Une petite ville de province quelques années avant le début de la guerre 14. La vie coule comme le Cher, du moins en apparence, tranquille, dans le foyer d'un notaire et de sa femme auquel il ne manque qu'un enfant. Anselme couche avec Céleste la bonne. Banal. Victoire s'ennuie en feuilletant un roman de Flaubert. Ne serait-elle pas en voie de "bovarysation", elle qui s'impose comme l'une des deux héroïnes d'Amours de Léonor de Récondo ? De prime abord, la toile de fond de son livre n'est pas follement original. Mais justement, de ce matériau familier aux amateurs de littérature française, la romancière va faire quelque chose de prenant et d'intense en y introduisant un ingrédient dévastateur : la passion amoureuse.
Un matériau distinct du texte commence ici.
(* Let $\mathfrak g$ be a Lie algebra and $r_1,r_2\in\wedge^2\mathfrak g$ skew-symmetric $r$-matrices, with induced triangular Lie bialgebras $(\mathfrak g,[\cdot,\cdot],\delta_1)$ and $(\mathfrak g,[\cdot,\cdot],\delta_2)$, $\delta_i(x)=[x,r_i]$. If $(\phi,\varphi)$ is a weak homomorphism (resp. weak isomorphism) from $r_2$ to $r_1$, then $(\phi,\varphi)$ is a weak homomorphism (resp. weak isomorphism) from the Lie bialgebra $(\mathfrak g,[\cdot,\cdot],\delta_2)$ to $(\mathfrak g,[\cdot,\cdot],\delta_1)$.
   Context: A skew-symmetric $r$-matrix is $r\in\wedge^2\mathfrak g$ with $[r,r]=0$ (Gerstenhaber bracket on $\wedge^\bullet\mathfrak g$); $r^\sharp:\mathfrak g^*\to\mathfrak g$, $\langle r^\sharp\xi,\eta\rangle=\langle r,\xi\otimes\eta\rangle$. The triangular Lie bialgebra has cobracket $\delta(x)=[x,r]\in\wedge^2\mathfrak g$, whose dual Lie algebra structure on $\mathfrak g^*$ is $[\xi,\eta]_r=\mathrm{ad}^*_{r^\sharp\xi}\eta-\mathrm{ad}^*_{r^\sharp\eta}\xi$ with $\langle\mathrm{ad}^*_x\xi,y\rangle=-\langle\xi,[x,y]\rangle$. A weak homomorphism from $r_2$ to $r_1$ is a pair of a Lie algebra homomorphism $\phi:\mathfrak g\to\mathfrak g$ and a linear map $\varphi:\mathfrak g\to\mathfrak g$ with $(\varphi\otimes\mathrm{Id}_{\mathfrak g})(r_1)=(\mathrm{Id}_{\mathfrak g}\otimes\phi)(r_2)$ and $\varphi[\phi(x),y]=[x,\varphi(y)]$ for all $x,y$; weak isomorphism if $\phi,\varphi$ are also linear isomorphisms. A weak homomorphism from the Lie bialgebra $(\mathfrak g,[\cdot,\cdot],\delta_2)$ to $(\mathfrak g,[\cdot,\cdot],\delta_1)$ is a pair of a Lie algebra homomorphism $\phi:\mathfrak g\to\mathfrak g$ and a linear $\varphi:\mathfrak g\to\mathfrak g$ such that $\varphi^*:(\mathfrak g^*,[\cdot,\cdot]_{r_2})\to(\mathfrak g^*,[\cdot,\cdot]_{r_1})$ is a Lie algebra homomorphism and $\varphi[\phi(x),y]=[x,\varphi(y)]$ for all $x,y\in\mathfrak g$; a weak isomorphism if moreover $\phi,\varphi$ are linear isomorphisms. *)

theory Defs
  imports Main "HOL-Library.Function_Algebras"
begin

text \<open>A finite-dimensional Lie algebra g is modelled as the coordinate space
  'n \<Rightarrow> 'k (with a finite index type 'n, i.e. a fixed basis e_i) over a field 'k
  of characteristic zero, with a bilinear, alternating bracket satisfying Jacobi.
  The dual space g* is modelled by coordinates w.r.t. the dual basis, so that
  the pairing is pair xi x = sum_i xi_i x_i.  Elements of g (x) g are coefficient
  matrices r :: 'n \<Rightarrow> 'n \<Rightarrow> 'k, meaning r = sum_{i,j} r i j e_i (x) e_j.\<close>

type_synonym ('n, 'k) vect = "'n \<Rightarrow> 'k"

definition smul :: "'k::field \<Rightarrow> ('n, 'k) vect \<Rightarrow> ('n, 'k) vect" where
  "smul c x = (\<lambda>i. c * x i)"

definition basis_vec :: "'n \<Rightarrow> ('n, 'k::field) vect" where
  "basis_vec i = (\<lambda>j. if j = i then 1 else 0)"

definition pair :: "('n::finite, 'k::field) vect \<Rightarrow> ('n, 'k) vect \<Rightarrow> 'k" where
  "pair xi x = (\<Sum>i\<in>UNIV. xi i * x i)"

definition lin_map :: "(('n, 'k::field) vect \<Rightarrow> ('m, 'k) vect) \<Rightarrow> bool" where
  "lin_map f \<longleftrightarrow> (\<forall>x y. f (x + y) = f x + f y) \<and> (\<forall>c x. f (smul c x) = smul c (f x))"

definition lie_algebra :: "(('n::finite, 'k::field) vect \<Rightarrow> ('n, 'k) vect \<Rightarrow> ('n, 'k) vect) \<Rightarrow> bool" where
  "lie_algebra br \<longleftrightarrow>
     (\<forall>x. lin_map (br x)) \<and> (\<forall>y. lin_map (\<lambda>x. br x y)) \<and>
     (\<forall>x. br x x = 0) \<and>
     (\<forall>x y z. br x (br y z) + br y (br z x) + br z (br x y) = 0)"

definition lie_hom :: "(('n::finite, 'k::field) vect \<Rightarrow> ('n, 'k) vect \<Rightarrow> ('n, 'k) vect)
    \<Rightarrow> (('n, 'k) vect \<Rightarrow> ('n, 'k) vect) \<Rightarrow> bool" where
  "lie_hom br f \<longleftrightarrow> lin_map f \<and> (\<forall>x y. f (br x y) = br (f x) (f y))"

definition skew :: "('n \<Rightarrow> 'n \<Rightarrow> 'k::field) \<Rightarrow> bool" where
  "skew r \<longleftrightarrow> (\<forall>i j. r i j = - r j i)"

text \<open>Coordinates of the tensor [r12,r13]+[r12,r23]+[r13,r23] in g(x)g(x)g.
  For skew-symmetric r this is a nonzero constant multiple of the Gerstenhaber
  (Schouten) bracket [r,r] in wedge^3 g (characteristic zero), so [r,r]=0 iff it vanishes.\<close>
definition cybe :: "(('n::finite, 'k::field) vect \<Rightarrow> ('n, 'k) vect \<Rightarrow> ('n, 'k) vect)
    \<Rightarrow> ('n \<Rightarrow> 'n \<Rightarrow> 'k) \<Rightarrow> 'n \<Rightarrow> 'n \<Rightarrow> 'n \<Rightarrow> 'k" where
  "cybe br r a b c =
     (\<Sum>i\<in>UNIV. \<Sum>k\<in>UNIV. r i b * r k c * br (basis_vec i) (basis_vec k) a)
   + (\<Sum>j\<in>UNIV. \<Sum>k\<in>UNIV. r a j * r k c * br (basis_vec j) (basis_vec k) b)
   + (\<Sum>j\<in>UNIV. \<Sum>l\<in>UNIV. r a j * r b l * br (basis_vec j) (basis_vec l) c)"

definition r_matrix :: "(('n::finite, 'k::field) vect \<Rightarrow> ('n, 'k) vect \<Rightarrow> ('n, 'k) vect)
    \<Rightarrow> ('n \<Rightarrow> 'n \<Rightarrow> 'k) \<Rightarrow> bool" where
  "r_matrix br r \<longleftrightarrow> skew r \<and> (\<forall>a b c. cybe br r a b c = 0)"

text \<open>r^sharp : g* \<rightarrow> g, pair (r^sharp xi) eta = <r, xi (x) eta> = sum_{i,j} r i j xi_i eta_j.\<close>
definition rsharp :: "('n::finite \<Rightarrow> 'n \<Rightarrow> 'k::field) \<Rightarrow> ('n, 'k) vect \<Rightarrow> ('n, 'k) vect" where
  "rsharp r xi = (\<lambda>j. \<Sum>i\<in>UNIV. xi i * r i j)"

text \<open>Coadjoint action: pair (ad*_x xi) y = - pair xi [x,y].\<close>
definition coad :: "(('n::finite, 'k::field) vect \<Rightarrow> ('n, 'k) vect \<Rightarrow> ('n, 'k) vect)
    \<Rightarrow> ('n, 'k) vect \<Rightarrow> ('n, 'k) vect \<Rightarrow> ('n, 'k) vect" where
  "coad br x xi = (\<lambda>j. - pair xi (br x (basis_vec j)))"

definition dual_bracket :: "(('n::finite, 'k::field) vect \<Rightarrow> ('n, 'k) vect \<Rightarrow> ('n, 'k) vect)
    \<Rightarrow> ('n \<Rightarrow> 'n \<Rightarrow> 'k) \<Rightarrow> ('n, 'k) vect \<Rightarrow> ('n, 'k) vect \<Rightarrow> ('n, 'k) vect" where
  "dual_bracket br r xi eta = coad br (rsharp r xi) eta - coad br (rsharp r eta) xi"

definition dual_map :: "(('n::finite, 'k::field) vect \<Rightarrow> ('n, 'k) vect) \<Rightarrow> ('n, 'k) vect \<Rightarrow> ('n, 'k) vect" where
  "dual_map f xi = (\<lambda>j. pair xi (f (basis_vec j)))"

definition tensor_map :: "(('n::finite, 'k::field) vect \<Rightarrow> ('n, 'k) vect) \<Rightarrow> (('n, 'k) vect \<Rightarrow> ('n, 'k) vect)
    \<Rightarrow> ('n \<Rightarrow> 'n \<Rightarrow> 'k) \<Rightarrow> 'n \<Rightarrow> 'n \<Rightarrow> 'k" where
  "tensor_map f g r a b = (\<Sum>i\<in>UNIV. \<Sum>j\<in>UNIV. r i j * f (basis_vec i) a * g (basis_vec j) b)"

definition lin_iso :: "(('n, 'k::field) vect \<Rightarrow> ('n, 'k) vect) \<Rightarrow> bool" where
  "lin_iso f \<longleftrightarrow> lin_map f \<and> bij f"

definition weak_hom_r where
  "weak_hom_r br r2 r1 phi vphi \<longleftrightarrow>
     lie_hom br phi \<and> lin_map vphi \<and>
     tensor_map vphi id r1 = tensor_map id phi r2 \<and>
     (\<forall>x y. vphi (br (phi x) y) = br x (vphi y))"

definition weak_iso_r where
  "weak_iso_r br r2 r1 phi vphi \<longleftrightarrow> weak_hom_r br r2 r1 phi vphi \<and> lin_iso phi \<and> lin_iso vphi"

text \<open>vphi* : (g*,[,]_{r2}) \<rightarrow> (g*,[,]_{r1}) is a Lie algebra homomorphism
  (it is automatically linear).\<close>
definition dual_lie_hom where
  "dual_lie_hom br r2 r1 vphi \<longleftrightarrow>
     lin_map (dual_map vphi) \<and>
     (\<forall>xi eta. dual_map vphi (dual_bracket br r2 xi eta)
                = dual_bracket br r1 (dual_map vphi xi) (dual_map vphi eta))"

definition weak_hom_bialg where
  "weak_hom_bialg br r2 r1 phi vphi \<longleftrightarrow>
     lie_hom br phi \<and> lin_map vphi \<and>
     dual_lie_hom br r2 r1 vphi \<and>
     (\<forall>x y. vphi (br (phi x) y) = br x (vphi y))"

definition weak_iso_bialg where
  "weak_iso_bialg br r2 r1 phi vphi \<longleftrightarrow> weak_hom_bialg br r2 r1 phi vphi \<and> lin_iso phi \<and> lin_iso vphi"

end

theory Submission
  imports Defs
begin

(* The tensor identity (vphi (x) id) r1 = (id (x) phi) r2 says that
   phi o r2^# = r1^# o vphi^*, and dualising vphi [phi x, y] = [x, vphi y] gives
   vphi^* o ad^*_x = ad^*_(phi x) o vphi^*.  Applying both to each of the two terms
   of [xi, eta]_r2 turns it into [vphi^* xi, vphi^* eta]_r1. *)

lemma sum_fun_apply:
  "finite A \<Longrightarrow> (\<Sum>i\<in>A. (g i :: 'a \<Rightarrow> 'b::comm_monoid_add)) x = (\<Sum>i\<in>A. g i x)"
  by (induction A rule: finite_induct) auto

lemma lin_map_zero:
  assumes "lin_map f"
  shows "f 0 = 0"
proof -
  have "f (smul 0 0) = smul 0 (f 0)" using assms unfolding lin_map_def by blast
  moreover have "smul 0 (0 :: ('a, 'b) vect) = 0" "smul 0 (f 0) = 0"
    by (simp_all add: smul_def fun_eq_iff)
  ultimately show ?thesis by simp
qed

lemma lin_map_sum:
  assumes lf: "lin_map f" and fin: "finite A"
  shows "f (\<Sum>i\<in>A. g i) = (\<Sum>i\<in>A. f (g i))"
  using fin
proof (induction A rule: finite_induct)
  case empty
  then show ?case using lin_map_zero[OF lf] by (simp only: sum.empty)
next
  case (insert a A)
  have "f (\<Sum>i\<in>insert a A. g i) = f (g a + (\<Sum>i\<in>A. g i))"
    using insert(1,2) by (simp add: sum.insert del: plus_fun_def)
  also have "\<dots> = f (g a) + f (\<Sum>i\<in>A. g i)" using lf unfolding lin_map_def by blast
  also have "\<dots> = (\<Sum>i\<in>insert a A. f (g i))"
    using insert by (simp add: sum.insert del: plus_fun_def)
  finally show ?case .
qed

lemma vect_basis_expansion:
  "(y :: ('n::finite, 'k::field) vect) = (\<Sum>i\<in>UNIV. smul (y i) (basis_vec i))"
proof (rule ext)
  fix j
  have "(\<Sum>i\<in>UNIV. smul (y i) (basis_vec i)) j = (\<Sum>i\<in>UNIV. y i * (if j = i then 1 else 0))"
    by (simp add: sum_fun_apply smul_def basis_vec_def)
  also have "\<dots> = y j" by (simp add: if_distrib cong: if_cong)
  finally show "y j = (\<Sum>i\<in>UNIV. smul (y i) (basis_vec i)) j" by simp
qed

lemma lin_map_apply_basis:
  assumes "lin_map (f :: ('n::finite, 'k::field) vect \<Rightarrow> ('m, 'k) vect)"
  shows "f y a = (\<Sum>i\<in>UNIV. y i * f (basis_vec i) a)"
proof -
  have "f y = f (\<Sum>i\<in>UNIV. smul (y i) (basis_vec i))"
    using vect_basis_expansion[of y] by simp
  also have "\<dots> = (\<Sum>i\<in>UNIV. f (smul (y i) (basis_vec i)))"
    by (rule lin_map_sum[OF assms]) simp
  also have "\<dots> = (\<Sum>i\<in>UNIV. smul (y i) (f (basis_vec i)))"
    using assms unfolding lin_map_def by simp
  finally show ?thesis by (simp add: sum_fun_apply smul_def)
qed

lemma pair_lin_map:
  fixes f :: "('n::finite, 'k::field) vect \<Rightarrow> ('m::finite, 'k) vect"
  assumes "lin_map f"
  shows "pair eta (f y) = (\<Sum>i\<in>UNIV. y i * pair eta (f (basis_vec i)))"
proof -
  have "pair eta (f y) = (\<Sum>a\<in>UNIV. eta a * (\<Sum>i\<in>UNIV. y i * f (basis_vec i) a))"
    unfolding pair_def by (simp only: lin_map_apply_basis[OF assms, of y])
  also have "\<dots> = (\<Sum>i\<in>UNIV. y i * pair eta (f (basis_vec i)))"
    unfolding pair_def sum_distrib_left by (subst sum.swap) (simp add: mult_ac)
  finally show ?thesis .
qed

lemma lin_map_dual_map: "lin_map (dual_map f)"
  unfolding lin_map_def dual_map_def pair_def smul_def
  by (auto simp: fun_eq_iff distrib_left distrib_right sum.distrib sum_distrib_left mult_ac)

lemma dual_map_diff: "dual_map f (a - b) = dual_map f a - dual_map f b"
  unfolding dual_map_def pair_def by (auto simp: fun_eq_iff left_diff_distrib sum_subtractf)

lemma dual_map_coad:
  assumes lin_br: "lin_map (br x)" and lin_vphi: "lin_map vphi"
    and intertwine: "\<forall>y. vphi (br a y) = br x (vphi y)"
  shows "dual_map vphi (coad br x eta) = coad br a (dual_map vphi eta)"
proof (rule ext)
  fix j
  have "dual_map vphi (coad br x eta) j
      = - (\<Sum>i\<in>UNIV. vphi (basis_vec j) i * pair eta (br x (basis_vec i)))"
    by (simp add: dual_map_def coad_def pair_def sum_negf mult_ac)
  also have "\<dots> = - pair eta (br x (vphi (basis_vec j)))"
    using pair_lin_map[OF lin_br, of eta "vphi (basis_vec j)"] by simp
  also have "\<dots> = - pair eta (vphi (br a (basis_vec j)))" using intertwine by simp
  also have "\<dots> = - (\<Sum>i\<in>UNIV. br a (basis_vec j) i * pair eta (vphi (basis_vec i)))"
    using pair_lin_map[OF lin_vphi, of eta "br a (basis_vec j)"] by simp
  also have "\<dots> = coad br a (dual_map vphi eta) j"
    by (simp add: dual_map_def coad_def pair_def mult_ac)
  finally show "dual_map vphi (coad br x eta) j = coad br a (dual_map vphi eta) j" .
qed

lemma rsharp_tensor_map:
  fixes r1 r2 :: "'n::finite \<Rightarrow> 'n \<Rightarrow> 'k::field"
  assumes lin_phi: "lin_map phi"
    and tensor: "tensor_map vphi id r1 = tensor_map id phi r2"
  shows "phi (rsharp r2 xi) = rsharp r1 (dual_map vphi xi)"
proof (rule ext)
  fix b
  have left: "tensor_map vphi id r1 a b = (\<Sum>i\<in>UNIV. r1 i b * vphi (basis_vec i) a)" for a
    unfolding tensor_map_def by (simp add: basis_vec_def mult_ac if_distrib cong: if_cong)
  have right: "tensor_map id phi r2 a b = (\<Sum>j\<in>UNIV. r2 a j * phi (basis_vec j) b)" for a
    unfolding tensor_map_def
    by (subst sum.swap)
      (simp add: basis_vec_def mult.commute[of _ "if _ then _ else _"]
        if_distrib[of "\<lambda>u. u * _"] cong: if_cong)
  have "phi (rsharp r2 xi) b = (\<Sum>j\<in>UNIV. (\<Sum>a\<in>UNIV. xi a * r2 a j) * phi (basis_vec j) b)"
    unfolding lin_map_apply_basis[OF lin_phi, of "rsharp r2 xi"] by (simp add: rsharp_def)
  also have "\<dots> = (\<Sum>a\<in>UNIV. xi a * tensor_map id phi r2 a b)"
    unfolding right sum_distrib_left sum_distrib_right by (subst sum.swap) (simp add: mult_ac)
  also have "\<dots> = (\<Sum>a\<in>UNIV. xi a * tensor_map vphi id r1 a b)" using tensor by simp
  also have "\<dots> = rsharp r1 (dual_map vphi xi) b"
    unfolding left rsharp_def dual_map_def pair_def sum_distrib_left sum_distrib_right
    by (subst sum.swap) (simp add: mult_ac)
  finally show "phi (rsharp r2 xi) b = rsharp r1 (dual_map vphi xi) b" .
qed

lemma weak_hom_r_imp_weak_hom_bialg:
  assumes lin_br: "\<forall>x. lin_map (br x)" and hom: "weak_hom_r br r2 r1 phi vphi"
  shows "weak_hom_bialg br r2 r1 phi vphi"
proof -
  have lin_phi: "lin_map phi" and lin_vphi: "lin_map vphi"
    and tensor: "tensor_map vphi id r1 = tensor_map id phi r2"
    and intertwine: "\<forall>x y. vphi (br (phi x) y) = br x (vphi y)"
    using hom unfolding weak_hom_r_def lie_hom_def by blast+
  have coad: "dual_map vphi (coad br x eta) = coad br (phi x) (dual_map vphi eta)" for x eta
    by (rule dual_map_coad[OF lin_br[rule_format] lin_vphi]) (simp add: intertwine)
  have "dual_map vphi (dual_bracket br r2 xi eta)
      = dual_bracket br r1 (dual_map vphi xi) (dual_map vphi eta)" for xi eta
    unfolding dual_bracket_def dual_map_diff coad rsharp_tensor_map[OF lin_phi tensor] ..
  then show ?thesis
    using hom lin_map_dual_map unfolding weak_hom_bialg_def weak_hom_r_def dual_lie_hom_def
    by blast
qed

theorem proposition7p17:
  fixes br :: "('n::finite \<Rightarrow> 'k::field_char_0) \<Rightarrow> ('n \<Rightarrow> 'k) \<Rightarrow> ('n \<Rightarrow> 'k)"
    and r1 r2 :: "'n \<Rightarrow> 'n \<Rightarrow> 'k"
    and phi vphi :: "('n \<Rightarrow> 'k) \<Rightarrow> ('n \<Rightarrow> 'k)"
  assumes "lie_algebra br"
    and "r_matrix br r1"
    and "r_matrix br r2"
  shows "(weak_hom_r br r2 r1 phi vphi \<longrightarrow> weak_hom_bialg br r2 r1 phi vphi)
       \<and> (weak_iso_r br r2 r1 phi vphi \<longrightarrow> weak_iso_bialg br r2 r1 phi vphi)"
proof -
  have "\<forall>x. lin_map (br x)" using assms(1) unfolding lie_algebra_def by blast
  then show ?thesis
    using weak_hom_r_imp_weak_hom_bialg unfolding weak_iso_r_def weak_iso_bialg_def by blast
qed

end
D'autant plus que celle-ci est "interdite" à double titre : entre deux personnes d'un même sexe ; entre deux femmes de conditions sociales opposées. C'est ce qui est beau dans Amours : Victoire et Céleste sont deux victimes de la société dont le rôle est déterminé depuis la naissance, donner une progéniture pour l'une, servir et ne pas rêver pour l'autre. Leur fusion sensuelle, aussi magnifique soit-elle est aussi un acte de rébellion inouï contre leur condition. Léonor de Récondo déroule son intrigue dans une langue débarrassée de toutes scories et d'une élégance rare. C'est un livre magnifique sur la liberté et sa privation, sur l'éveil des sens et sa condamnation. On n'oubliera pas le personnage lumineux de Céleste ni celui tourmenté de Victoire. Pas plus que certains "seconds rôles" dont le portrait précis et plein d'empathie participent à la réussite du livre (le cocher/jardinier sourd et muet).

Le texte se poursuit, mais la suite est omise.